Ok, I have your solution.
1. Your subtract function in the beginning did not return the subtraced matrix.
2. You needed to return the previously calculated matrix (as I commented in the first response). However, since the returned matrix is smaller than the current matrix, you have to account for that.
3. The whole pivot point vector is not needed. The current pivot point is calcuated in the beginning of each cycle, meaning that when later on you need to subtract out the other values of the current row, you just use the current row.
Now, in the solution, I assumed that you wanted the generalized format for solving systems of non-zero equations.
I.e.

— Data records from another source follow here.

(* Let $G=(V,E)$ be a temporal network, let $\pi$ be an ordering of $V$, and let $\delta\ge 0$. Let $e=(u,v,t)\in E$ be a temporal edge with $\pi(u)<\pi(v)$, and let $w\in N^{+}_{\pi}(u)$ be a vertex adjacent to $v$ in $G_S$. Put $L_2=E_{u,w}$ and $L_3=E_{v,w}$. Let $L_{12}[e]$ be the first edge of $L_2$ (in sorted order) whose timestamp is at least $t(e)$, and for $f\in L_2$ let $L_{23}[f]$ be the first edge of $L_3$ whose timestamp is at least $t(f)$. Then $e$ forms at least one $\delta$-temporal triangle with $w$ if and only if $L_{12}[e]$ and $L_{23}[L_{12}[e]]$ exist and $$t(e)\le t(L_{12}[e])\le t(L_{23}[L_{12}[e]])\le t(e)+\delta.$$
   Context: A temporal network $G=(V,E)$ is a finite multiset of temporal edges $(x,y,t)$ with $x\neq y\in V$ and timestamp $t=t(e)\in\mathbb{R}$; the edge goes from $x$ to $y$, and parallel edges (in both directions) are allowed. For distinct $x,y\in V$, $E_{x,y}$ denotes the list of temporal edges from $x$ to $y$, sorted by increasing timestamp. $G_S$ is the underlying static graph: the simple undirected graph on $V$ with $\{x,y\}$ an edge iff there is at least one temporal edge between $x$ and $y$ (in either direction); $N(x)$ is the neighbourhood of $x$ in $G_S$. For an ordering $\pi$ of $V$, $N^{+}_{\pi}(x)=\{y\in N(x):\pi(x)<\pi(y)\}$. For $\delta\ge 0$, a temporal edge $e=(a,b,t)$ forms a $\delta$-temporal triangle with a vertex $c$ if there exist temporal edges $(a,c,t_2)$ and $(b,c,t_3)$ in $E$ with $t\le t_2\le t_3\le t+\delta$. *)

theory Defs
  imports Complex_Main "HOL-Library.Multiset"
begin

type_synonym 'v tedge = "'v \<times> 'v \<times> real"

definition src :: "'v tedge \<Rightarrow> 'v" where "src e = fst e"
definition dst :: "'v tedge \<Rightarrow> 'v" where "dst e = fst (snd e)"
definition time :: "'v tedge \<Rightarrow> real" where "time e = snd (snd e)"

definition temporal_network :: "'v set \<Rightarrow> 'v tedge multiset \<Rightarrow> bool" where
  "temporal_network V E \<longleftrightarrow> (\<forall>e\<in>#E. src e \<noteq> dst e \<and> src e \<in> V \<and> dst e \<in> V)"

text \<open>L is the list E_{x,y}: the temporal edges from x to y, sorted by increasing timestamp.\<close>
definition is_edge_list :: "'v tedge multiset \<Rightarrow> 'v \<Rightarrow> 'v \<Rightarrow> 'v tedge list \<Rightarrow> bool" where
  "is_edge_list E x y L \<longleftrightarrow>
     mset L = filter_mset (\<lambda>e. src e = x \<and> dst e = y) E \<and> sorted (map time L)"

definition nbrs :: "'v tedge multiset \<Rightarrow> 'v \<Rightarrow> 'v set" where
  "nbrs E x = {y. y \<noteq> x \<and> (\<exists>e\<in>#E. (src e = x \<and> dst e = y) \<or> (src e = y \<and> dst e = x))}"

definition out_nbrs :: "'v tedge multiset \<Rightarrow> ('v \<Rightarrow> nat) \<Rightarrow> 'v \<Rightarrow> 'v set" where
  "out_nbrs E \<pi> x = {y \<in> nbrs E x. \<pi> x < \<pi> y}"

definition is_ordering :: "'v set \<Rightarrow> ('v \<Rightarrow> nat) \<Rightarrow> bool" where
  "is_ordering V \<pi> \<longleftrightarrow> inj_on \<pi> V"

definition forms_triangle :: "'v tedge multiset \<Rightarrow> real \<Rightarrow> 'v tedge \<Rightarrow> 'v \<Rightarrow> bool" where
  "forms_triangle E \<delta> e c \<longleftrightarrow>
     (\<exists>t2 t3. (src e, c, t2) \<in># E \<and> (dst e, c, t3) \<in># E \<and>
              time e \<le> t2 \<and> t2 \<le> t3 \<and> t3 \<le> time e + \<delta>)"

definition first_geq :: "'v tedge list \<Rightarrow> real \<Rightarrow> 'v tedge option" where
  "first_geq L t = find (\<lambda>f. t \<le> time f) L"

end

theory Submission
  imports Defs
begin

text \<open>A triangle of e = (u,v,t) with w consists of an edge f in E_{u,w} and an edge g in
E_{v,w} with t \<le> t(f) \<le> t(g) \<le> t + \<delta>. Both lists are sorted, so replacing f by the first
edge of E_{u,w} at time \<ge> t only lowers t(f), and then replacing g by the first edge of
E_{v,w} at time \<ge> t(f) only lowers t(g); hence a triangle exists iff the greedy choice is one.\<close>

lemma first_geq_SomeD:
  assumes "first_geq L t = Some f"
  shows "f \<in> set L" and "t \<le> time f"
  using assms unfolding first_geq_def by (metis find_Some_iff nth_mem)+

lemma sorted_first_geq_le:
  assumes "sorted (map time L)" and "x \<in> set L" and "t \<le> time x"
  obtains f where "first_geq L t = Some f" and "time f \<le> time x"
  using assms
proof (induction L)
  case Nil
  then show ?case by simp
next
  case (Cons a L)
  show ?case
  proof (cases "t \<le> time a")
    case True
    then have "first_geq (a # L) t = Some a" by (simp add: first_geq_def)
    moreover have "time a \<le> time x" using Cons.prems(2,3) by auto
    ultimately show ?thesis using Cons.prems(1) by blast
  next
    case False
    then have "first_geq (a # L) t = first_geq L t" and "x \<in> set L"
      using Cons.prems(3,4) by (auto simp: first_geq_def)
    then show ?thesis using Cons by auto
  qed
qed

lemma ex_chain_iff_first_geq:
  assumes sorted2: "sorted (map time L2)" and sorted3: "sorted (map time L3)"
  shows "(\<exists>f\<in>set L2. \<exists>g\<in>set L3. a \<le> time f \<and> time f \<le> time g \<and> time g \<le> b) \<longleftrightarrow>
    (\<exists>f g. first_geq L2 a = Some f \<and> first_geq L3 (time f) = Some g \<and>
           a \<le> time f \<and> time f \<le> time g \<and> time g \<le> b)"
proof
  assume "\<exists>f\<in>set L2. \<exists>g\<in>set L3. a \<le> time f \<and> time f \<le> time g \<and> time g \<le> b"
  then obtain f g where "f \<in> set L2" "g \<in> set L3" "a \<le> time f" "time f \<le> time g" "time g \<le> b"
    by blast
  then obtain f' where f': "first_geq L2 a = Some f'" "time f' \<le> time f"
    using sorted_first_geq_le[OF sorted2] by metis
  with \<open>time f \<le> time g\<close> \<open>g \<in> set L3\<close> obtain g' where g': "first_geq L3 (time f') = Some g'"
    "time g' \<le> time g"
    using sorted_first_geq_le[OF sorted3] by (metis order.trans)
  show "\<exists>f g. first_geq L2 a = Some f \<and> first_geq L3 (time f) = Some g \<and>
           a \<le> time f \<and> time f \<le> time g \<and> time g \<le> b"
    using f' g' first_geq_SomeD(2)[OF f'(1)] first_geq_SomeD(2)[OF g'(1)] \<open>time g \<le> b\<close>
    by fastforce
next
  assume "\<exists>f g. first_geq L2 a = Some f \<and> first_geq L3 (time f) = Some g \<and>
           a \<le> time f \<and> time f \<le> time g \<and> time g \<le> b"
  then show "\<exists>f\<in>set L2. \<exists>g\<in>set L3. a \<le> time f \<and> time f \<le> time g \<and> time g \<le> b"
    by (metis first_geq_SomeD(1))
qed

lemma mem_edge_list_iff:
  assumes "is_edge_list E x y L"
  shows "f \<in> set L \<longleftrightarrow> f \<in># E \<and> src f = x \<and> dst f = y"
  using assms unfolding is_edge_list_def by (metis (mono_tags, lifting) mem_Collect_eq
    set_mset_filter set_mset_mset)

lemma tedge_collapse: "(src f, dst f, time f) = f"
  by (simp add: src_def dst_def time_def)

lemma forms_triangle_iff_edge_lists:
  assumes L2: "is_edge_list E (src e) c L2" and L3: "is_edge_list E (dst e) c L3"
  shows "forms_triangle E \<delta> e c \<longleftrightarrow>
    (\<exists>f\<in>set L2. \<exists>g\<in>set L3. time e \<le> time f \<and> time f \<le> time g \<and> time g \<le> time e + \<delta>)"
proof
  assume "forms_triangle E \<delta> e c"
  then obtain t2 t3 where "(src e, c, t2) \<in># E" "(dst e, c, t3) \<in># E"
    "time e \<le> t2" "t2 \<le> t3" "t3 \<le> time e + \<delta>"
    unfolding forms_triangle_def by blast
  moreover from this have "(src e, c, t2) \<in> set L2" and "(dst e, c, t3) \<in> set L3"
    by (simp_all add: mem_edge_list_iff[OF L2] mem_edge_list_iff[OF L3] src_def dst_def)
  ultimately show "\<exists>f\<in>set L2. \<exists>g\<in>set L3.
      time e \<le> time f \<and> time f \<le> time g \<and> time g \<le> time e + \<delta>"
    by (intro bexI[of _ "(src e, c, t2)"] bexI[of _ "(dst e, c, t3)"]) (simp_all add: time_def)
next
  assume "\<exists>f\<in>set L2. \<exists>g\<in>set L3.
      time e \<le> time f \<and> time f \<le> time g \<and> time g \<le> time e + \<delta>"
  then obtain f g where "f \<in> set L2" "g \<in> set L3"
    "time e \<le> time f" "time f \<le> time g" "time g \<le> time e + \<delta>"
    by blast
  moreover from this have "(src e, c, time f) \<in># E" and "(dst e, c, time g) \<in># E"
    using tedge_collapse[of f] tedge_collapse[of g]
    by (simp_all add: mem_edge_list_iff[OF L2] mem_edge_list_iff[OF L3])
  ultimately show "forms_triangle E \<delta> e c"
    unfolding forms_triangle_def by blast
qed

theorem theorem3p1:
  fixes V :: "'v set" and E :: "'v tedge multiset" and \<pi> :: "'v \<Rightarrow> nat"
    and \<delta> :: real and e :: "'v tedge" and u v w :: 'v and L2 L3 :: "'v tedge list"
  assumes "temporal_network V E"
    and "is_ordering V \<pi>"
    and "\<delta> \<ge> 0"
    and "e \<in># E" and "src e = u" and "dst e = v" and "\<pi> u < \<pi> v"
    and "w \<in> out_nbrs E \<pi> u" and "w \<in> nbrs E v"
    and "is_edge_list E u w L2" and "is_edge_list E v w L3"
  shows "forms_triangle E \<delta> e w \<longleftrightarrow>
    (\<exists>f g. first_geq L2 (time e) = Some f \<and> first_geq L3 (time f) = Some g \<and>
           time e \<le> time f \<and> time f \<le> time g \<and> time g \<le> time e + \<delta>)"
proof -
  have "sorted (map time L2)" and "sorted (map time L3)"
    using assms(10,11) by (simp_all add: is_edge_list_def)
  moreover have "forms_triangle E \<delta> e w \<longleftrightarrow>
    (\<exists>f\<in>set L2. \<exists>g\<in>set L3. time e \<le> time f \<and> time f \<le> time g \<and> time g \<le> time e + \<delta>)"
    using forms_triangle_iff_edge_lists[of E e w L2 L3 \<delta>] assms(5,6,10,11) by simp
  ultimately show ?thesis
    by (simp only: ex_chain_iff_first_geq)
qed

end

The format of the input M is assumed to be
[matrix A] = [Column solution B] - such that the last column of the input matrix is the vector B.
I'm using an older verion of matlab, so I commented out some of your debugging to make it easier on myself.
if isempty(M)
disp('found empty');
% pivots = [];
return;
end %Find size of Matrix, calculate tolerance level
[rows,cols] = size(M);
tolerance = length(M)*norm(M)*eps;
%Find the pivot variable - it is value x, at position p
[x,p] = max(abs(M(:,1)));
if x>tolerance
M = Exchange(M,1,p);
M = Divide(M,1,M(1,1));
for i=2:rows
if M(i,1)==0
%do nothing
else
M = Subtract(M,1,i,M(i,1)/M(1,1));
end
end
disp('Recurring now.');
[new_sub_matrix] = echelon(M(2:rows,2:cols));
disp('Getting out of the recursion, M is...');
if(~isempty(new_sub_matrix))
%check to make sure the sub matrix exists - cannot add an empty
%matrix
M(2:rows,2:cols) = new_sub_matrix;
end
disp(M);
%we index over colums, but we count based on the # rows
for z=2:rows
% currentpivot = pivots(z);
subtract_factor = M(1,z);
M = Subtract(M,z,1,subtract_factor);
end
% end
fprintf('Check on m\n');
disp(M);
% else
% disp('the else has been called.');
% [new_sub_matrix,newpivots] = echelon(M(:,2:cols));
% for z=1:length(newpivots)
% pivots(end+1) = newpivots(z) + 1;
% end
end
disp('At the end of the function, M is...');
disp(M);